MLL3 is one of the key enzymes for the modifications and activity of enhancers. It is frequently mutated in many cancers. Previously, it was reported to be associated with p53 and regulates the expression of p53 target genes. Our results indicated that besides p53 signaling, MLL3 also regulates tumorigenesis through repressing cell migration. MLL3 regulates H3K4me1 and H3K27ac on TNS3 enhancer, which in turn affects TNS3 transcription. TNS3 has been shown as an important protein involved in integrin-mediated signaling and cell migration37. The gene expression and DNA methylation on CpG island of TNS3 have been associated with breast cancer and renal cell carcinoma38,39. We showed that TNS3 exogenous expression completely blocked the elevated cell migration caused by MLL3 knockdown, indicating the critical role of TNS3 in MLL3’s function in repressing cell migration. Though MLL3 or TNS3 knockdown did not elevate downstream gene dramatically, quite a few migration-related genes were upregulated. A mechanism published previously involving JNK/cJun pathway is probably also functioning here37.
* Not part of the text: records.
text \<open>The second term inside the absolute value is the \<open>i\<^sub>0\<close>-th code forced by the other codes
  of \<open>p\<close> if the corner of the cube lay on the hyperplane \<open>a \<bullet> x = b\<close>; as \<open>|a\<^sub>i\<^sub>0|\<close> is maximal,
  the true code differs from it by \<open>O(3\<^sup>j)\<close>.\<close>
lemma code_near_hyperplane:
  fixes a x :: "real^'n::finite" and p :: "'n \<Rightarrow> nat"
  assumes x: "x \<in> triadic_cube (n + j) p"
    and ax: "\<bar>a \<bullet> x - b\<bar> \<le> real CARD('n) * \<bar>a $ i0\<bar> * \<epsilon>"
    and amax: "\<And>i. \<bar>a $ i\<bar> \<le> \<bar>a $ i0\<bar>" and a0: "a $ i0 \<noteq> 0"
    and \<epsilon>: "\<epsilon> \<le> 1 / 3^n"
  shows "\<bar>real (p i0) - 3^(n + j) * (b - (\<Sum>i\<in>UNIV. a $ i * real ((p(i0 := 0)) i) / 3^(n + j))) / a $ i0\<bar>
           \<le> 2 * real CARD('n) * 3^j"
proof -
  define m where "m = n + j"
  define d where "d = real CARD('n)"
  define A where "A = \<bar>a $ i0\<bar>"
  define rest where "rest = (\<Sum>i\<in>UNIV. a $ i * real ((p(i0 := 0)) i) / 3^m)"
  have "A > 0"
    using a0 by (simp add: A_def)
  have "a \<bullet> cube_corner m p - rest
      = (\<Sum>i\<in>UNIV. if i = i0 then a $ i0 * real (p i0) / 3^m else 0)"
    unfolding rest_def inner_vec_def cube_corner_def sum_subtractf[symmetric]
    by (intro sum.cong) auto
  then have "a \<bullet> cube_corner m p = a $ i0 * real (p i0) / 3^m + rest"
    by simp
  then have corner_close: "\<bar>a \<bullet> x - (a $ i0 * real (p i0) / 3^m + rest)\<bar> \<le> d * A / 3^m"
    using inner_near_cube_corner[of x m p a A] x amax by (simp add: m_def d_def A_def)
  have "\<bar>real (p i0) - 3^m * (b - rest) / a $ i0\<bar>
      = 3^m / A * \<bar>a $ i0 * real (p i0) / 3^m + rest - b\<bar>"
  proof -
    have "real (p i0) - 3^m * (b - rest) / a $ i0
        = 3^m / a $ i0 * (a $ i0 * real (p i0) / 3^m + rest - b)"
      using a0 by (simp add: field_simps)
    then show ?thesis
      by (simp add: abs_mult A_def)
  qed
  also have "\<dots> \<le> 3^m / A * (d * A * \<epsilon> + d * A / 3^m)"
    using corner_close ax \<open>A > 0\<close> by (intro mult_left_mono) (auto simp: A_def d_def)
  also have "\<dots> = d * (3^m * \<epsilon> + 1)"
    using \<open>A > 0\<close> by (simp add: field_simps)
  also have "\<dots> \<le> d * (3^j + 3^j)"
  proof -
    have "3^m * \<epsilon> \<le> 3^m * (1 / 3^n)"
      using \<epsilon> by (intro mult_left_mono) auto
    also have "\<dots> = 3^j"
      by (simp add: m_def power_add)
    finally have "3^m * \<epsilon> + 1 \<le> 3^j + 3^j"
      using one_le_power[of "3::real" j] by linarith
    then show ?thesis
      by (intro mult_left_mono) (simp_all add: d_def)
  qed
  finally show ?thesis
    by (simp add: m_def d_def rest_def)
qed

lemma abs_inner_sub_le_of_mem_open_nbhd:
  fixes a :: "real^'n::finite"
  assumes "x \<in> open_nbhd {x. a \<bullet> x = b} \<epsilon>" "\<And>i. \<bar>a $ i\<bar> \<le> \<bar>a $ i0\<bar>"
  shows "\<bar>a \<bullet> x - b\<bar> \<le> real CARD('n) * \<bar>a $ i0\<bar> * \<epsilon>"
proof -
  obtain y where y: "a \<bullet> y = b" "dist x y < \<epsilon>"
    using assms(1) by (auto simp: open_nbhd_def)
  have "norm a \<le> (\<Sum>i\<in>UNIV. \<bar>a $ i\<bar>)"
    by (rule norm_le_l1_cart)
  also have "\<dots> \<le> (\<Sum>i\<in>(UNIV::'n set). \<bar>a $ i0\<bar>)"
    using assms(2) by (rule sum_mono)
  finally have "norm a \<le> real CARD('n) * \<bar>a $ i0\<bar>"
    by simp
  have "\<bar>a \<bullet> x - b\<bar> = \<bar>a \<bullet> (x - y)\<bar>"
    using y by (simp add: inner_diff_right)
  also have "\<dots> \<le> norm a * norm (x - y)"
    by (rule Cauchy_Schwarz_ineq2)
  also have "\<dots> \<le> real CARD('n) * \<bar>a $ i0\<bar> * \<epsilon>"
    using \<open>norm a \<le> real CARD('n) * \<bar>a $ i0\<bar>\<close> y(2) by (intro mult_mono) (auto simp: dist_norm)
  finally show ?thesis .
qed
lemma mtrace_diff: "A \<in> carrier_mat n n \<Longrightarrow> B \<in> carrier_mat n n \<Longrightarrow> mtrace (A - B) = mtrace A - mtrace B"
  unfolding mtrace_def by (simp add: sum_subtractf)

lemma mtrace_smult: "A \<in> carrier_mat n n \<Longrightarrow> mtrace (c \<cdot>\<^sub>m A) = c * mtrace A"
  unfolding mtrace_def by (simp add: sum_distrib_left)

lemma mtrace_transpose: "A \<in> carrier_mat n n \<Longrightarrow> mtrace (transpose_mat A) = mtrace A"
  unfolding mtrace_def by simp

lemma mtrace_mat_diag_mult:
  assumes "M \<in> carrier_mat n n"
  shows "mtrace (mat_diag n d * M) = (\<Sum>i<n. d i * M $$ (i, i))"
  unfolding mtrace_def mat_diag_mult_left[OF assms] by simp

lemma frob_norm_eq_sqrt_mtrace: "frob_norm M = sqrt (mtrace (transpose_mat M * M))"
proof -
  have "mtrace (transpose_mat M * M) = (\<Sum>j<dim_col M. \<Sum>i<dim_row M. M $$ (i, j) * M $$ (i, j))"
    unfolding mtrace_def by (simp add: scalar_prod_def atLeast0LessThan)
  also have "\<dots> = (\<Sum>i<dim_row M. \<Sum>j<dim_col M. (M $$ (i, j))\<^sup>2)"
    by (subst sum.swap) (simp add: power2_eq_square)
  finally show ?thesis unfolding frob_norm_def by simp
qed

lemma frob_norm_smult: "frob_norm (c \<cdot>\<^sub>m M) = \<bar>c\<bar> * frob_norm M"
proof -
  have "(\<Sum>i<dim_row M. \<Sum>j<dim_col M. ((c \<cdot>\<^sub>m M) $$ (i, j))\<^sup>2)
      = c\<^sup>2 * (\<Sum>i<dim_row M. \<Sum>j<dim_col M. (M $$ (i, j))\<^sup>2)"
    by (simp add: power_mult_distrib sum_distrib_left)
  then show ?thesis
    unfolding frob_norm_def by (simp add: real_sqrt_mult)
qed

lemma mat_eq_0_if_frob_norm_eq_0:
  assumes "M \<in> carrier_mat n m" and "frob_norm M = 0"
  shows "M = 0\<^sub>m n m"
proof (rule eq_matI)
  fix i j assume ij: "i < dim_row (0\<^sub>m n m :: real mat)" "j < dim_col (0\<^sub>m n m :: real mat)"
  have "(\<Sum>i<n. \<Sum>j<m. (M $$ (i, j))\<^sup>2) = 0"
    using assms unfolding frob_norm_def by simp
  then have "(M $$ (i, j))\<^sup>2 = 0"
    using ij by (simp add: sum_nonneg sum_nonneg_eq_0_iff)
  then show "M $$ (i, j) = 0\<^sub>m n m $$ (i, j)" using ij by simp
qed (use assms in auto)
Enhancer regulation is one of the important steps in transcription regulation. One gene is controlled by multiple enhancers and one enhancer can target multiple genes. Their relationship varies dependent on the context of the cell environment. To clarify the dynamics of enhancer activity and target genes are helpful to identify novel targets for diagnosis and treatment. Our study identified the enhancer for TNS3 gene in MLL3 deficient cells, which will be important to understand how MLL3 suppresses cancer and the related future studies.

Our data support MLL3 as a regulator for p53 signaling, which is consistent with the previous report36,40. Moreover, we found that MLL3 selectively regulates p53 target genes, such as MDM2 and p21, but not PUMA (Sup. Fig. 3). We also noticed that MLL3 deficiency did not completely repress activation of p53 target genes, nor did it increase cell proliferation (Fig. 1C and Sup. Fig. 3). These suggest that at least in the tested cell lines, MLL3 depletion promoted tumorigenesis mainly through cell migration but not proliferation. It will be interesting to further investigate the mechanisms for MLL3 regulating p53 signaling and its roles in cancer.

Data access

The high-throughput sequencing data have been submitted to GEO database (Acc. No. GSE160254).